#### What needs to be done:
The stretch from the line with "proof (rule integral_le)" through the line with "proof (rule mult_left_mono)" in the records below: write it out exactly, and nothing else.

Records from a collection

lemma integral_rate_sup_until_later_entry_le:
  assumes k: "k \<noteq> 0" and u: "entry_time k \<eta> \<le> u" "u \<le> entry_time k \<xi>"
  shows "integral {entry_time k \<eta>..u} (rate_sup k \<eta>) \<le> 200 * (\<bar>\<eta> - \<xi>\<bar> / \<bar>real_of_int k\<bar>)"
proof -
  define K where "K = \<bar>real_of_int k\<bar>"
  define a where "a = entry_time k \<eta>"
  have K1: "1 \<le> K" using k by (simp add: K_def)
  have a0: "0 \<le> a" by (simp add: a_def entry_time_nonneg)
  have "integral {a..u} (rate_sup k \<eta>) \<le> integral {a..u} (\<lambda>s. 2000 * u / K)"
  proof (rule integral_le)
    fix s assume s: "s \<in> {a..u}"
    then have "a\<^sup>2 \<le> s\<^sup>2" using a0 by (intro power_mono) auto
    then have "rate_sup k \<eta> s \<le> 2000 * s / K"
      unfolding K_def using s a0 by (intro rate_sup_le_near_entry k) (auto simp: a_def entry_time_squared)
    also have "\<dots> \<le> 2000 * u / K" using s K1 by (intro divide_right_mono) auto
    finally show "rate_sup k \<eta> s \<le> 2000 * u / K" .
  qed (auto intro: integrable_continuous_interval rate_sup_continuous_on)
  also have "\<dots> = 2000 / K * ((u - a) * u)" using u by (simp add: a_def)
  also have "\<dots> \<le> 2000 / K * (\<bar>\<eta> - \<xi>\<bar> / 10)"
  proof (rule mult_left_mono)
    have "(u - a) * u \<le> u\<^sup>2 - a\<^sup>2"
      using mult_nonneg_nonneg[OF a0, of "u - a"] u by (simp add: a_def power2_eq_square algebra_simps)
    also have "\<dots> \<le> (entry_time k \<xi>)\<^sup>2 - a\<^sup>2" using u a0 by (simp add: a_def power_mono)
    also have "\<dots> \<le> \<bar>\<eta> - \<xi>\<bar> / 10"
      using abs_triangle_ineq2_sym[of \<xi> \<eta>] by (simp add: a_def entry_time_squared field_simps)
    finally show "(u - a) * u \<le> \<bar>\<eta> - \<xi>\<bar> / 10" .
  qed (use K1 in simp)
  finally show ?thesis by (simp add: a_def K_def)
qed

lemma integral_rate_sup_from_entry_diff_le:
  assumes k: "k \<noteq> 0" and le: "\<bar>\<eta>\<bar> \<le> \<bar>\<xi>\<bar>"
  shows "\<bar>integral {entry_time k \<eta>..t} (rate_sup k \<eta>) - integral {entry_time k \<xi>..t} (rate_sup k \<xi>)\<bar>
         \<le> (200 + 200 * pi) * (\<bar>\<eta> - \<xi>\<bar> / \<bar>real_of_int k\<bar>)"
proof -
  define a where "a = entry_time k \<eta>"
  define b where "b = entry_time k \<xi>"
  have ab: "a \<le> b" unfolding a_def b_def entry_time_def using le by (intro real_sqrt_le_mono) auto
  have degenerate: "integral {c..d} f = 0" if "d \<le> c" for c d :: real and f :: "real \<Rightarrow> real"
    using that integral_null[of c d f] by (simp add: content_real_eq_0)
  have int: "rate_sup k x integrable_on {c..d}" for x c d
    by (rule integrable_continuous_interval[OF rate_sup_continuous_on])
  show ?thesis
  proof (cases "t \<le> a")
    case True
    then show ?thesis using ab k by (simp add: a_def b_def degenerate)
  next
    case False
    define u where "u = min b t"
    have u: "a \<le> u" "u \<le> t" "u \<le> b" using False ab by (auto simp: u_def)
    have "integral {a..t} (rate_sup k \<eta>) - integral {b..t} (rate_sup k \<xi>)
        = integral {a..u} (rate_sup k \<eta>) + integral {u..t} (\<lambda>s. rate_sup k \<eta> s - rate_sup k \<xi> s)"
    proof -
      have "integral {b..t} (rate_sup k \<xi>) = integral {u..t} (rate_sup k \<xi>)"
        by (cases "b \<le> t") (auto simp: u_def degenerate)
      then show ?thesis
        using Henstock_Kurzweil_Integration.integral_combine[OF u(1,2) int] integral_diff[OF int int, of u t \<eta> \<xi>] by simp
    qed
    moreover have "integral {a..u} (rate_sup k \<eta>) \<le> 200 * (\<bar>\<eta> - \<xi>\<bar> / \<bar>real_of_int k\<bar>)"
      using u unfolding a_def b_def by (intro integral_rate_sup_until_later_entry_le k)
    moreover have "0 \<le> integral {a..u} (rate_sup k \<eta>)"
      by (intro integral_nonneg int rate_sup_nonneg)
    moreover have "\<bar>integral {u..t} (\<lambda>s. rate_sup k \<eta> s - rate_sup k \<xi> s)\<bar>
        \<le> integral {u..t} (\<lambda>s. \<bar>rate_sup k \<eta> s - rate_sup k \<xi> s\<bar>)"
      using integral_norm_bound_integral[of "\<lambda>s. rate_sup k \<eta> s - rate_sup k \<xi> s" "{u..t}"]
      by (simp add: integrable_continuous_interval continuous_on_diff continuous_on_rabs rate_sup_continuous_on)
    moreover have "integral {u..t} (\<lambda>s. \<bar>rate_sup k \<eta> s - rate_sup k \<xi> s\<bar>)
        \<le> 200 * pi * (\<bar>\<eta> - \<xi>\<bar> / \<bar>real_of_int k\<bar>)"
      by (rule rate_sup_diff_integral_le[OF k])
    ultimately have "\<bar>integral {a..t} (rate_sup k \<eta>) - integral {b..t} (rate_sup k \<xi>)\<bar>
        \<le> 200 * (\<bar>\<eta> - \<xi>\<bar> / \<bar>real_of_int k\<bar>) + 200 * pi * (\<bar>\<eta> - \<xi>\<bar> / \<bar>real_of_int k\<bar>)"
      by (smt (verit))
    then show ?thesis by (simp add: a_def b_def algebra_simps)
  qed
qed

#### Result for this exercise:
  proof (rule integral_le)
    fix s assume s: "s \<in> {a..u}"
    then have "a\<^sup>2 \<le> s\<^sup>2" using a0 by (intro power_mono) auto
    then have "rate_sup k \<eta> s \<le> 2000 * s / K"
      unfolding K_def using s a0 by (intro rate_sup_le_near_entry k) (auto simp: a_def entry_time_squared)
    also have "\<dots> \<le> 2000 * u / K" using s K1 by (intro divide_right_mono) auto
    finally show "rate_sup k \<eta> s \<le> 2000 * u / K" .
  qed (auto intro: integrable_continuous_interval rate_sup_continuous_on)
  also have "\<dots> = 2000 / K * ((u - a) * u)" using u by (simp add: a_def)
  also have "\<dots> \<le> 2000 / K * (\<bar>\<eta> - \<xi>\<bar> / 10)"
  proof (rule mult_left_mono)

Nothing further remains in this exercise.